Problem to work on: Only one stretch of the data below is wanted: the lines starting at the one with "using power_mono[OF B[OF" and ending at the one with "(auto intro!: nn_integral_mono", both included, given again exactly.

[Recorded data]
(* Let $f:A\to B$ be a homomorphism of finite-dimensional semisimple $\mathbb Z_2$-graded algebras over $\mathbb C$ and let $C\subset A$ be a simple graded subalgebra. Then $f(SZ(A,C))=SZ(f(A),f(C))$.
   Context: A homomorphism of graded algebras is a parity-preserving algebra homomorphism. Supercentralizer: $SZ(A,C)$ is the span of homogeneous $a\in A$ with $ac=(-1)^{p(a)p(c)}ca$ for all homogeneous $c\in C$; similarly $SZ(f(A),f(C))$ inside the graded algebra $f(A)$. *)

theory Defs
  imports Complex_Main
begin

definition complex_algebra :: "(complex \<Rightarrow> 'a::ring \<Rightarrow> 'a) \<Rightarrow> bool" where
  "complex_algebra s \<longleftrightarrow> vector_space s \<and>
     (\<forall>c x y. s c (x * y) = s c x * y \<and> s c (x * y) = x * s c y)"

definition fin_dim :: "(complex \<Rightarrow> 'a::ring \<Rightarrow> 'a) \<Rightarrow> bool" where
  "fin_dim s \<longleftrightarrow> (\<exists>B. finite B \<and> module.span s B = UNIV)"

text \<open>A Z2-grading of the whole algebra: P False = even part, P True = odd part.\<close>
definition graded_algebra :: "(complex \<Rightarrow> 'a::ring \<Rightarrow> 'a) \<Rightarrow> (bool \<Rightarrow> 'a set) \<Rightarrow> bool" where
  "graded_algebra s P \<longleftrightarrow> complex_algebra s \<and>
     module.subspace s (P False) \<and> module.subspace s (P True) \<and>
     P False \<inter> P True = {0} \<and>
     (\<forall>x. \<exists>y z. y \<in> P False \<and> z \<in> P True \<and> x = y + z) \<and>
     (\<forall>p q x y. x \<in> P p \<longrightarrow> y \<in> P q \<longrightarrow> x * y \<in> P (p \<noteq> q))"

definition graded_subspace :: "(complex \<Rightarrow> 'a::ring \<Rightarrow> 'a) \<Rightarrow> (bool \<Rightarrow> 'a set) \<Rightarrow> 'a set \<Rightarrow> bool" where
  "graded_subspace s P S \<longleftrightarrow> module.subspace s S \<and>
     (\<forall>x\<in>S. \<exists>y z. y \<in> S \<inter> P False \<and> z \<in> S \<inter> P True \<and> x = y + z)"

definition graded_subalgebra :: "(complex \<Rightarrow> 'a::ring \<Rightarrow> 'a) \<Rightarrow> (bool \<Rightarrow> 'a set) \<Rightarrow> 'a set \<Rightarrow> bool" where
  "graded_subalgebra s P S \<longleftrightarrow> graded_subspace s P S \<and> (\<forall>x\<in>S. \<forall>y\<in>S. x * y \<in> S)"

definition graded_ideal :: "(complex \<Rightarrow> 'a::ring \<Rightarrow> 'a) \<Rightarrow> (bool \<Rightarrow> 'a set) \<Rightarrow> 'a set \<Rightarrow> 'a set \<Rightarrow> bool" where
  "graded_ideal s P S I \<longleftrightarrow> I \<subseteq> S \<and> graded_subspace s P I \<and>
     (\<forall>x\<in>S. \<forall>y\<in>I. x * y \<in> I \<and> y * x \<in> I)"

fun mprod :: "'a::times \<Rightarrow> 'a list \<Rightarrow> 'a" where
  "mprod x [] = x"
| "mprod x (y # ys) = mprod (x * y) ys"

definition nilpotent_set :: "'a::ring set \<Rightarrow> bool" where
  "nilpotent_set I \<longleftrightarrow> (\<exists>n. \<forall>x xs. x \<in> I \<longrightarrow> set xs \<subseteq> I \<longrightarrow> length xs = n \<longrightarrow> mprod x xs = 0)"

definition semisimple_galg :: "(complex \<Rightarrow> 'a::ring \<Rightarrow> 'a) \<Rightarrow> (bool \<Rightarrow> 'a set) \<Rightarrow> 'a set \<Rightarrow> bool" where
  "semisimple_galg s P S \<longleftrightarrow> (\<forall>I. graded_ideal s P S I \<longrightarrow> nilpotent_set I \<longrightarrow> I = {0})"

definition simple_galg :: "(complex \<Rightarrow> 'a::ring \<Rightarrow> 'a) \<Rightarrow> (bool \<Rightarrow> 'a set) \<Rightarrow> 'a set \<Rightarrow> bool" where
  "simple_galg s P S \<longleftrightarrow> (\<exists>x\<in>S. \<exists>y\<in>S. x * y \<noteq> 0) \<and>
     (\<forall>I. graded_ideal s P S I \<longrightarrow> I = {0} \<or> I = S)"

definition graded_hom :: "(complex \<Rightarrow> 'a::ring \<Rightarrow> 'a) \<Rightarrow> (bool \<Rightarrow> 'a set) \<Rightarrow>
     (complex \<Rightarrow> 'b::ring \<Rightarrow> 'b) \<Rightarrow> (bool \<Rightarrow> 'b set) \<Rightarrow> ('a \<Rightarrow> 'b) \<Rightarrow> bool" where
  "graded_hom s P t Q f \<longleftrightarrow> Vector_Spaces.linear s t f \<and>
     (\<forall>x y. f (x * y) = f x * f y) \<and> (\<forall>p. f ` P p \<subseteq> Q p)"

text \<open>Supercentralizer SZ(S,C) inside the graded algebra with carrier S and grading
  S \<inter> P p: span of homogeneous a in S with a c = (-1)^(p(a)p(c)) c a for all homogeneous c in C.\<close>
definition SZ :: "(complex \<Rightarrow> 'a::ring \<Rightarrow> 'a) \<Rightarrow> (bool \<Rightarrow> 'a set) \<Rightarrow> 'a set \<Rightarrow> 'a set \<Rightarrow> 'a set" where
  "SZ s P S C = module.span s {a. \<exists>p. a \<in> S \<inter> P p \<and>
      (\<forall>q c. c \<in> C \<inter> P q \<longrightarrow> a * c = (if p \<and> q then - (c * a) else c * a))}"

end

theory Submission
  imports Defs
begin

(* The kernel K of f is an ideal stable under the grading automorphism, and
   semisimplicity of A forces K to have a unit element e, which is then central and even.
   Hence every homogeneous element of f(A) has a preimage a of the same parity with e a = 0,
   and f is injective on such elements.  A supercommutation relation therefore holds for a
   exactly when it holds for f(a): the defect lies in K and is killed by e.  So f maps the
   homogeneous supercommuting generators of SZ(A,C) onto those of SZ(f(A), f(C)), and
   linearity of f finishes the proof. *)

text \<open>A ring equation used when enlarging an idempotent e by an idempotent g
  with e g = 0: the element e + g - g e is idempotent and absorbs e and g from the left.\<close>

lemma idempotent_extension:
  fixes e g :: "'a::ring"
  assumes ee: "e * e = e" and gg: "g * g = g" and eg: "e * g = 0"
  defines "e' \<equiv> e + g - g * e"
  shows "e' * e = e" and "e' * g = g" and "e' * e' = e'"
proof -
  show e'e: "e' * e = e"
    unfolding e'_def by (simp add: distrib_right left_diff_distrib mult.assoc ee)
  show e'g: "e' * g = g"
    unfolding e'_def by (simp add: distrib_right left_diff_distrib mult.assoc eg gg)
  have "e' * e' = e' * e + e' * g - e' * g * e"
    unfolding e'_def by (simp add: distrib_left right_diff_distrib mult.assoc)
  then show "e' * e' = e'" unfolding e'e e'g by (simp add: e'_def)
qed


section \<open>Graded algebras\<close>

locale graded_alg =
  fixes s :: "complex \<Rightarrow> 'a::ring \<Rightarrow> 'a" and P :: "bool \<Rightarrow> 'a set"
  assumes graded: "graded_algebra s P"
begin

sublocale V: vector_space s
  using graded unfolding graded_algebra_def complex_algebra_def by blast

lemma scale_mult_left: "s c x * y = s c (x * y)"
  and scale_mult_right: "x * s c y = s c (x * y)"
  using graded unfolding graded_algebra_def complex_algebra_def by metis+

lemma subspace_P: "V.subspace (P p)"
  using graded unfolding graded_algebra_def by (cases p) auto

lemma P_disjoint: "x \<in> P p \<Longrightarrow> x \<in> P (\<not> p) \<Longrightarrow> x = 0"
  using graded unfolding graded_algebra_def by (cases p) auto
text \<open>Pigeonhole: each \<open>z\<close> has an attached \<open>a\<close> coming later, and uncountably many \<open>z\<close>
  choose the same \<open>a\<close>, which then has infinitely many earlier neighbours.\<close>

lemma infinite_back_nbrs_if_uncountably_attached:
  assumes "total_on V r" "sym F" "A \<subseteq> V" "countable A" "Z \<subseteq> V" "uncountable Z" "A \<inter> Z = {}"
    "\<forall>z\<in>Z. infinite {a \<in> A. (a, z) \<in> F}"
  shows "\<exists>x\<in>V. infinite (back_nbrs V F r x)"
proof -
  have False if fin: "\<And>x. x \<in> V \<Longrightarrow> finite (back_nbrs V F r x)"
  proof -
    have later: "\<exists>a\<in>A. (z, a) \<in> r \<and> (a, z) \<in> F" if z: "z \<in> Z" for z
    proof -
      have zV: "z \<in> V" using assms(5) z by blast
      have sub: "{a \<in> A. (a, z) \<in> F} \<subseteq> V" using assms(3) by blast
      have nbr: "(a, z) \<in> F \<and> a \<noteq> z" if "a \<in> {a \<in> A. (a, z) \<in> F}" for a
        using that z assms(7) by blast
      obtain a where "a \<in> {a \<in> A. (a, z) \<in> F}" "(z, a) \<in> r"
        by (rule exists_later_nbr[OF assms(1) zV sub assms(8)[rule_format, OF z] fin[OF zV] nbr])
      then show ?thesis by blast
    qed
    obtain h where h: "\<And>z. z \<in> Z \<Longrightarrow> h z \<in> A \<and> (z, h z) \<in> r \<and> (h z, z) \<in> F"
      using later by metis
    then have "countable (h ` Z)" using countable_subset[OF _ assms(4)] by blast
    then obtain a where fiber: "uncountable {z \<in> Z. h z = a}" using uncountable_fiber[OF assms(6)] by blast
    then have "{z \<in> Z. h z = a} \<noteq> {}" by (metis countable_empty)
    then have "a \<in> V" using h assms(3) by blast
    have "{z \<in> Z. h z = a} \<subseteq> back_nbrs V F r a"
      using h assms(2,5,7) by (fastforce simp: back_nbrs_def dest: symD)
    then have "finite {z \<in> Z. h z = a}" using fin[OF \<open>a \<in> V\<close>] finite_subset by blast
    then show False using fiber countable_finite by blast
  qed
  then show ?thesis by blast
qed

* * *

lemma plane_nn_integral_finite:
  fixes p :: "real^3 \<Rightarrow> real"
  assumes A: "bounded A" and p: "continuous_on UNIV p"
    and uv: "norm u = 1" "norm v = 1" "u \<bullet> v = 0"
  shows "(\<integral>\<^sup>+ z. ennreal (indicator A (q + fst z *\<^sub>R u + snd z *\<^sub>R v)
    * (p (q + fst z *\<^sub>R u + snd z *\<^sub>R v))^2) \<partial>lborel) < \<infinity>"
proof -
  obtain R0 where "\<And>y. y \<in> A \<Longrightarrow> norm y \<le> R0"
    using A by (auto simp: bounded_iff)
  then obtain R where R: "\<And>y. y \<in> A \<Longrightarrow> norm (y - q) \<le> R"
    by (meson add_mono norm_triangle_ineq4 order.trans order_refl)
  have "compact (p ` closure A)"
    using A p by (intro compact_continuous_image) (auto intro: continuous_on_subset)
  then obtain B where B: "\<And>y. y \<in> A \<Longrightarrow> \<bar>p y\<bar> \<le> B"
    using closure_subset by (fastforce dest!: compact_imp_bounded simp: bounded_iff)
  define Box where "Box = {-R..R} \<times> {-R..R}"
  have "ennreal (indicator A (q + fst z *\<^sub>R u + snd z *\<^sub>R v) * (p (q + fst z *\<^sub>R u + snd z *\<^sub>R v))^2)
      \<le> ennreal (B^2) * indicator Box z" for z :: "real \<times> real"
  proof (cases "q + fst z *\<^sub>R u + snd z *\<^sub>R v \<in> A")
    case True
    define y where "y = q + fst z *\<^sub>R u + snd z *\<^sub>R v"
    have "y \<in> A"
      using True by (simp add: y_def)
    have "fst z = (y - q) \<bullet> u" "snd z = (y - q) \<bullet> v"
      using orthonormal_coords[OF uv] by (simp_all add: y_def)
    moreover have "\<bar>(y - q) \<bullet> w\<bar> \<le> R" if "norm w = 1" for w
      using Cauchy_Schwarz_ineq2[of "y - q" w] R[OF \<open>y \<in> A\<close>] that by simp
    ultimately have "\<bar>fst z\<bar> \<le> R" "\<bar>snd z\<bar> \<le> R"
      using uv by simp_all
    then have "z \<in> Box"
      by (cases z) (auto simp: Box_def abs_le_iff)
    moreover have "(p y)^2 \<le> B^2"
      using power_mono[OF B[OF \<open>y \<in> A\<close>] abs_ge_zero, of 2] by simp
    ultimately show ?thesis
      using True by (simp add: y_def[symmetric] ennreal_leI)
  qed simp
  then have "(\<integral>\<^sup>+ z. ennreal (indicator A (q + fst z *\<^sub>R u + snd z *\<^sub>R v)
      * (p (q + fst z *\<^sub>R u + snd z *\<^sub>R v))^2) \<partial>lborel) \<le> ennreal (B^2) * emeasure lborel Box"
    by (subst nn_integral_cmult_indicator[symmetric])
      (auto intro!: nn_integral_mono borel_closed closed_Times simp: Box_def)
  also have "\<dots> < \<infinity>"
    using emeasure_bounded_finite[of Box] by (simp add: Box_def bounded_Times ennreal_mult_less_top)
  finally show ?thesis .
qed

Solved exercise:
      using power_mono[OF B[OF \<open>y \<in> A\<close>] abs_ge_zero, of 2] by simp
    ultimately show ?thesis
      using True by (simp add: y_def[symmetric] ennreal_leI)
  qed simp
  then have "(\<integral>\<^sup>+ z. ennreal (indicator A (q + fst z *\<^sub>R u + snd z *\<^sub>R v)
      * (p (q + fst z *\<^sub>R u + snd z *\<^sub>R v))^2) \<partial>lborel) \<le> ennreal (B^2) * emeasure lborel Box"
    by (subst nn_integral_cmult_indicator[symmetric])
      (auto intro!: nn_integral_mono borel_closed closed_Times simp: Box_def)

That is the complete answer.